• Work item
Return the records exactly, from the first line through the "using n by simp" line.

• Data supplied
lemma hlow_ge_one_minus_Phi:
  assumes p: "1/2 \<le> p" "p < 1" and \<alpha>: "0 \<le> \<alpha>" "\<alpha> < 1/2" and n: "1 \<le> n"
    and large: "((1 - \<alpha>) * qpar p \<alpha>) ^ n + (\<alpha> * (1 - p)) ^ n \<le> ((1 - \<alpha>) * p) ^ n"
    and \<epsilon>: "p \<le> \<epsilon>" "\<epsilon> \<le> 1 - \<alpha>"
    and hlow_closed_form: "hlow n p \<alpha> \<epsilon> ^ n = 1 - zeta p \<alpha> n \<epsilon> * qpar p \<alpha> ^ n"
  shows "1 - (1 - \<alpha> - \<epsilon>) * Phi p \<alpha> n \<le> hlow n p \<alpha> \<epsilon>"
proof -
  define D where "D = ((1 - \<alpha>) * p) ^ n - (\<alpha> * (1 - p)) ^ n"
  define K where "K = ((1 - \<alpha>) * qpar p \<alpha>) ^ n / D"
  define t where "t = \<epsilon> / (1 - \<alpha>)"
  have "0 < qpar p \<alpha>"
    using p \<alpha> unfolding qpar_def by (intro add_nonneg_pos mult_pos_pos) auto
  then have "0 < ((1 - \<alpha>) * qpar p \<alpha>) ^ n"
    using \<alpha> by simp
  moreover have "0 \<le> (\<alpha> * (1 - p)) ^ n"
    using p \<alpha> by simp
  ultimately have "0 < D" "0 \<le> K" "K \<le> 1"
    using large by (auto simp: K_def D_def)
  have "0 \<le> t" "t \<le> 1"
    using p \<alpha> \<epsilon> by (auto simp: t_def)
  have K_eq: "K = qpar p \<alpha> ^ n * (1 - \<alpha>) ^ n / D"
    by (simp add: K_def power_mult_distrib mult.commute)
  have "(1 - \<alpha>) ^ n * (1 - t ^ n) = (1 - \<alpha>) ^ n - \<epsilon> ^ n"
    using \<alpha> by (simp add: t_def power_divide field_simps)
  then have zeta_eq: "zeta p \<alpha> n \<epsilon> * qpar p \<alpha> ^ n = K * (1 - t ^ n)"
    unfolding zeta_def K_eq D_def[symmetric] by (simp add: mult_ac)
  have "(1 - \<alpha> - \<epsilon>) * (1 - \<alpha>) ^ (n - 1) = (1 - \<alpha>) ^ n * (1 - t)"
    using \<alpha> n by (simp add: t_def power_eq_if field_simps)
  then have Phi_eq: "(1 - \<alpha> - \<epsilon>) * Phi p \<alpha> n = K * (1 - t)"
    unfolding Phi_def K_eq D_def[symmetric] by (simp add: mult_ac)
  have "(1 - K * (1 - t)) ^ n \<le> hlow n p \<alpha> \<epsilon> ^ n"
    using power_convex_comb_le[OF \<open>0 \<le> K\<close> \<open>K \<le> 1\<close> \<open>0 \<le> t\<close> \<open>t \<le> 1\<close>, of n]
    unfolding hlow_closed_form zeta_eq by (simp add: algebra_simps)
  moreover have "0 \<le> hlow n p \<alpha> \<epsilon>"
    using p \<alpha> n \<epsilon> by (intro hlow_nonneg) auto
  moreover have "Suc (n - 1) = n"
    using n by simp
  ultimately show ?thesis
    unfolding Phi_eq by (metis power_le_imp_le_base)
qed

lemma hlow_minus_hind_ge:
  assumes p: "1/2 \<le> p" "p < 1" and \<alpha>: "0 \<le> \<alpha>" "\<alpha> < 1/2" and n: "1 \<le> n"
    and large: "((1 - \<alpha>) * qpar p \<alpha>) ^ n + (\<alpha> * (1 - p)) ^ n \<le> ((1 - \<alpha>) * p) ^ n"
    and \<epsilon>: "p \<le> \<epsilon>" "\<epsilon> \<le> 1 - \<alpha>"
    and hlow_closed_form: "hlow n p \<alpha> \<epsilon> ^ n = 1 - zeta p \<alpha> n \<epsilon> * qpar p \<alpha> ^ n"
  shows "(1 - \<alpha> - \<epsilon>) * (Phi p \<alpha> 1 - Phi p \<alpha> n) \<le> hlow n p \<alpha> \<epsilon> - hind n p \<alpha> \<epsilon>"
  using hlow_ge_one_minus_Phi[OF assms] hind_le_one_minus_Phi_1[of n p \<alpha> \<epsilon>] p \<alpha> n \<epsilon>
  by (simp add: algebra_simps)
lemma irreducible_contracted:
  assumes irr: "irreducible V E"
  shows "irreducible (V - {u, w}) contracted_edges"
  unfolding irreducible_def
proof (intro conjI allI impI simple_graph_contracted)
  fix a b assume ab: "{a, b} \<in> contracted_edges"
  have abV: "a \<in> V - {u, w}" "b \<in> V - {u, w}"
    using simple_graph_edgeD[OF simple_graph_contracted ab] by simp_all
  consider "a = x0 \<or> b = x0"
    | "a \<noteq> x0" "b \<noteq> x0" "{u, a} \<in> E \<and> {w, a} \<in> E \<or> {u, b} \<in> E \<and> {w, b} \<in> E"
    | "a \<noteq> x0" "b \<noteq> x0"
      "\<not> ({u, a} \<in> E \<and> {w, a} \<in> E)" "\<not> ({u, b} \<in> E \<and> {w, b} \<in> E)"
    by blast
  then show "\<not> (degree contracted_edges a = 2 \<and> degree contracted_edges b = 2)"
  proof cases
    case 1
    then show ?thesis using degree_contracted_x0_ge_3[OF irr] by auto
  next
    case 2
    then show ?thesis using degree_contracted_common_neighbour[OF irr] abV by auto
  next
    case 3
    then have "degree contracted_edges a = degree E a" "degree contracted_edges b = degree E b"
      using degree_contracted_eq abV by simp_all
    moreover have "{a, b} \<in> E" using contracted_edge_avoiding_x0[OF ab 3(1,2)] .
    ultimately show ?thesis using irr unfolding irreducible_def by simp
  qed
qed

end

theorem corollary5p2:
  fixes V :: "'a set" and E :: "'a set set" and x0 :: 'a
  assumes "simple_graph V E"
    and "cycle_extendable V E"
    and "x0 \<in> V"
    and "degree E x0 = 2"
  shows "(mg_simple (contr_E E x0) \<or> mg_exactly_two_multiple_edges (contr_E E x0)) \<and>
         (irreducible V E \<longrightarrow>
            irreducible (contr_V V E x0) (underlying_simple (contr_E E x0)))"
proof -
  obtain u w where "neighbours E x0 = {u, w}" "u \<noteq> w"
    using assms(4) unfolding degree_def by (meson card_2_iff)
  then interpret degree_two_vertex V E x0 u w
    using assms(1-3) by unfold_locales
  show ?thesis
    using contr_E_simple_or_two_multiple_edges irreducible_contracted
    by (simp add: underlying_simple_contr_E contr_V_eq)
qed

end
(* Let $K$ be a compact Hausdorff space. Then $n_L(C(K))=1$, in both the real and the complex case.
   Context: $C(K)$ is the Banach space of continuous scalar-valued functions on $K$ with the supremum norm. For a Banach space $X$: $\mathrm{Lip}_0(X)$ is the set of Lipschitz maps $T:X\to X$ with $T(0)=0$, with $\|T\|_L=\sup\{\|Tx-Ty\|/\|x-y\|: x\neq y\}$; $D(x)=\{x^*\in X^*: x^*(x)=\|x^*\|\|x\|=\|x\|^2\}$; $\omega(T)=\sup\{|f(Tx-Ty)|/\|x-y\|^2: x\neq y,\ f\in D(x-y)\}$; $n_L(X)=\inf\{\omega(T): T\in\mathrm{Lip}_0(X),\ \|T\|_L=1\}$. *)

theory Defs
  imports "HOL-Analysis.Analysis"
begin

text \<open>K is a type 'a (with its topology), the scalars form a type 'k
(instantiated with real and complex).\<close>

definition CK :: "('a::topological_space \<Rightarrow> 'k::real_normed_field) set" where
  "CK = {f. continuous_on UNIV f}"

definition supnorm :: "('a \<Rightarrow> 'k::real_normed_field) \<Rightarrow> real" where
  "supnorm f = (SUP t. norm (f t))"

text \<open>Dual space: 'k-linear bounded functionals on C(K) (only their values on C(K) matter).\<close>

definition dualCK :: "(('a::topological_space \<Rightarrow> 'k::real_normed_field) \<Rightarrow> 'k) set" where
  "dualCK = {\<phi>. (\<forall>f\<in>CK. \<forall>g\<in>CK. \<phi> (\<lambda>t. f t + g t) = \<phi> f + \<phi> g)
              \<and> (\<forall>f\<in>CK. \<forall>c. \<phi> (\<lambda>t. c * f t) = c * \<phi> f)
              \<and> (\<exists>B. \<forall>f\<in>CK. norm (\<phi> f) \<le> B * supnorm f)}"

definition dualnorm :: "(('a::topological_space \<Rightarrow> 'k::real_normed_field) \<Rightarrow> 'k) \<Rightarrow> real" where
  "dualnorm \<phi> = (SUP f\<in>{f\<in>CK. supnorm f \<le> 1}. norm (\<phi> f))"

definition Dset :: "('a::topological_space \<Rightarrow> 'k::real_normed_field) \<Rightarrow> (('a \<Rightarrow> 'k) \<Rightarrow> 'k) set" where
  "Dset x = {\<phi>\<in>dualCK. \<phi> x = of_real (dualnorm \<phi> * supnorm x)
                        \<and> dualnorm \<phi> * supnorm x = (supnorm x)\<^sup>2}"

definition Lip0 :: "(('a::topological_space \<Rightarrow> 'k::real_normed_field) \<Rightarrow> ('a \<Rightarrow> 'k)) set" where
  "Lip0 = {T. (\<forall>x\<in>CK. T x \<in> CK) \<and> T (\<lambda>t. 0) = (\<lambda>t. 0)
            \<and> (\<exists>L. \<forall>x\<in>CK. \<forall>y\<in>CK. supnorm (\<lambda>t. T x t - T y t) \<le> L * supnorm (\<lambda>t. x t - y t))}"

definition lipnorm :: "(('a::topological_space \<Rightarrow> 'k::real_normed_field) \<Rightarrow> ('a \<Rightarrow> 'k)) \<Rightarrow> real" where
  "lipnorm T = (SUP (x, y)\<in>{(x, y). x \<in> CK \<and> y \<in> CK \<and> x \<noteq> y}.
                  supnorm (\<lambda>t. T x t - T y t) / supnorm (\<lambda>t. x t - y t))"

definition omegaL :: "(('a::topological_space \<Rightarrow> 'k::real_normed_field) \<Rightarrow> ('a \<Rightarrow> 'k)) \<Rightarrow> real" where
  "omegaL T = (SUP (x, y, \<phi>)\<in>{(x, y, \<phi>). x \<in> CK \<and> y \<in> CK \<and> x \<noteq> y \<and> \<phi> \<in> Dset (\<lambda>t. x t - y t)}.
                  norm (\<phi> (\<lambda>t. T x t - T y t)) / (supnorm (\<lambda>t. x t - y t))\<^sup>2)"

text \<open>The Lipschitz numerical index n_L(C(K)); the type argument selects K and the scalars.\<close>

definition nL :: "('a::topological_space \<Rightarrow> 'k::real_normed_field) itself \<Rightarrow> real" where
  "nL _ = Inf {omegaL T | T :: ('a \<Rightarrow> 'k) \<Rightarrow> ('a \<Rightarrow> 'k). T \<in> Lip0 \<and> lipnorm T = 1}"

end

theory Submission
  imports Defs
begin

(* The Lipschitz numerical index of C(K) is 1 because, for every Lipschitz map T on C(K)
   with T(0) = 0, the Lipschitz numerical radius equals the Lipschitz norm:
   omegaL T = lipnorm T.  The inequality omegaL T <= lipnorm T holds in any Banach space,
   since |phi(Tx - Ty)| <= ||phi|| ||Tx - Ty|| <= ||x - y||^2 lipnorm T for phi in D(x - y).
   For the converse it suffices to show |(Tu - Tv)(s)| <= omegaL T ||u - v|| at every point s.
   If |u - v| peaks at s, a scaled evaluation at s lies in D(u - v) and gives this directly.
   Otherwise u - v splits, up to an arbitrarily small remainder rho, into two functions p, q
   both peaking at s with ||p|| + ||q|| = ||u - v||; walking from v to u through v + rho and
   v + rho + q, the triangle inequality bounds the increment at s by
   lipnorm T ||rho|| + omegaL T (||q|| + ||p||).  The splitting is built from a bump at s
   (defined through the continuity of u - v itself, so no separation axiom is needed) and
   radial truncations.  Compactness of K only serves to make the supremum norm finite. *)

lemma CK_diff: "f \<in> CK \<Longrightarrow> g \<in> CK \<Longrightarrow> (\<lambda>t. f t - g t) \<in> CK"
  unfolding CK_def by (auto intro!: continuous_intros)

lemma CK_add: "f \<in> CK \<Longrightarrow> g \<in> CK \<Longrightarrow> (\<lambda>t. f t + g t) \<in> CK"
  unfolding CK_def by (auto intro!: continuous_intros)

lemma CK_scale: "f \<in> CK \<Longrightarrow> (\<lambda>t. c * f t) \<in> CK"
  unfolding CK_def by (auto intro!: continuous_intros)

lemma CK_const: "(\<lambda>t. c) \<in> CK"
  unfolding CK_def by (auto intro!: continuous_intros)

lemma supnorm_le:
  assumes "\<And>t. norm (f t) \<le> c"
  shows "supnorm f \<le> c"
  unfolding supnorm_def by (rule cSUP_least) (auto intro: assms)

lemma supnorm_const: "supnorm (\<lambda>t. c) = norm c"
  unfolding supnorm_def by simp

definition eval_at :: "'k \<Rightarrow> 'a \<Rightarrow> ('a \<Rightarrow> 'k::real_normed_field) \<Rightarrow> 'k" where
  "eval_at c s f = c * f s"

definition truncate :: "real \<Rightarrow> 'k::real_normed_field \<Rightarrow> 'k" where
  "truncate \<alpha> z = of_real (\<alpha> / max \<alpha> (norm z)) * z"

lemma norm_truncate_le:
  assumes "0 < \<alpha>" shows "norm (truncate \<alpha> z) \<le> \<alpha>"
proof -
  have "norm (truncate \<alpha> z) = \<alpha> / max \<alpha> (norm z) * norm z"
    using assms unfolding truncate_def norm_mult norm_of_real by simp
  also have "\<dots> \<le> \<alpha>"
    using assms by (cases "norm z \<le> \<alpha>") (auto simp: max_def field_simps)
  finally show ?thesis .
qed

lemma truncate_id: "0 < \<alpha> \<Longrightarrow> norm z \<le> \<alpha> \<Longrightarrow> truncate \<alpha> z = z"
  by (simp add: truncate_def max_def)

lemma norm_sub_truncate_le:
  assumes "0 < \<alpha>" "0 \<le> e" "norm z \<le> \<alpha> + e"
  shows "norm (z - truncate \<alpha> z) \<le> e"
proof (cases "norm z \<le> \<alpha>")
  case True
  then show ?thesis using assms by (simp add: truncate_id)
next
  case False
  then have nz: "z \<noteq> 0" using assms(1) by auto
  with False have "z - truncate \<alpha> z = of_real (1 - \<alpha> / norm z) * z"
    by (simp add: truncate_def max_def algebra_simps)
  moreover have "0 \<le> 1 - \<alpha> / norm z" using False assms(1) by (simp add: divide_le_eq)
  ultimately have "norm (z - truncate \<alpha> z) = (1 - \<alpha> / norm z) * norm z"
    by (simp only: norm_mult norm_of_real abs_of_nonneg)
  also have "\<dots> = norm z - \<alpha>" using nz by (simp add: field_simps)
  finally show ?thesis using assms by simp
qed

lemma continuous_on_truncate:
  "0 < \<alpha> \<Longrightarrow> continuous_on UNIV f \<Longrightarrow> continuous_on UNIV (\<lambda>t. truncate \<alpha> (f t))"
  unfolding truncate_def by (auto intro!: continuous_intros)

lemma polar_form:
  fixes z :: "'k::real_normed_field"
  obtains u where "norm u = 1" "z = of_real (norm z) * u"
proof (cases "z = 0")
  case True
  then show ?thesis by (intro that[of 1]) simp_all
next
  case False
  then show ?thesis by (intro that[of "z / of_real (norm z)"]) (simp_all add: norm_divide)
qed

• Solution to the problem
lemma hlow_ge_one_minus_Phi:
  assumes p: "1/2 \<le> p" "p < 1" and \<alpha>: "0 \<le> \<alpha>" "\<alpha> < 1/2" and n: "1 \<le> n"
    and large: "((1 - \<alpha>) * qpar p \<alpha>) ^ n + (\<alpha> * (1 - p)) ^ n \<le> ((1 - \<alpha>) * p) ^ n"
    and \<epsilon>: "p \<le> \<epsilon>" "\<epsilon> \<le> 1 - \<alpha>"
    and hlow_closed_form: "hlow n p \<alpha> \<epsilon> ^ n = 1 - zeta p \<alpha> n \<epsilon> * qpar p \<alpha> ^ n"
  shows "1 - (1 - \<alpha> - \<epsilon>) * Phi p \<alpha> n \<le> hlow n p \<alpha> \<epsilon>"
proof -
  define D where "D = ((1 - \<alpha>) * p) ^ n - (\<alpha> * (1 - p)) ^ n"
  define K where "K = ((1 - \<alpha>) * qpar p \<alpha>) ^ n / D"
  define t where "t = \<epsilon> / (1 - \<alpha>)"
  have "0 < qpar p \<alpha>"
    using p \<alpha> unfolding qpar_def by (intro add_nonneg_pos mult_pos_pos) auto
  then have "0 < ((1 - \<alpha>) * qpar p \<alpha>) ^ n"
    using \<alpha> by simp
  moreover have "0 \<le> (\<alpha> * (1 - p)) ^ n"
    using p \<alpha> by simp
  ultimately have "0 < D" "0 \<le> K" "K \<le> 1"
    using large by (auto simp: K_def D_def)
  have "0 \<le> t" "t \<le> 1"
    using p \<alpha> \<epsilon> by (auto simp: t_def)
  have K_eq: "K = qpar p \<alpha> ^ n * (1 - \<alpha>) ^ n / D"
    by (simp add: K_def power_mult_distrib mult.commute)
  have "(1 - \<alpha>) ^ n * (1 - t ^ n) = (1 - \<alpha>) ^ n - \<epsilon> ^ n"
    using \<alpha> by (simp add: t_def power_divide field_simps)
  then have zeta_eq: "zeta p \<alpha> n \<epsilon> * qpar p \<alpha> ^ n = K * (1 - t ^ n)"
    unfolding zeta_def K_eq D_def[symmetric] by (simp add: mult_ac)
  have "(1 - \<alpha> - \<epsilon>) * (1 - \<alpha>) ^ (n - 1) = (1 - \<alpha>) ^ n * (1 - t)"
    using \<alpha> n by (simp add: t_def power_eq_if field_simps)
  then have Phi_eq: "(1 - \<alpha> - \<epsilon>) * Phi p \<alpha> n = K * (1 - t)"
    unfolding Phi_def K_eq D_def[symmetric] by (simp add: mult_ac)
  have "(1 - K * (1 - t)) ^ n \<le> hlow n p \<alpha> \<epsilon> ^ n"
    using power_convex_comb_le[OF \<open>0 \<le> K\<close> \<open>K \<le> 1\<close> \<open>0 \<le> t\<close> \<open>t \<le> 1\<close>, of n]
    unfolding hlow_closed_form zeta_eq by (simp add: algebra_simps)
  moreover have "0 \<le> hlow n p \<alpha> \<epsilon>"
    using p \<alpha> n \<epsilon> by (intro hlow_nonneg) auto
  moreover have "Suc (n - 1) = n"
    using n by simp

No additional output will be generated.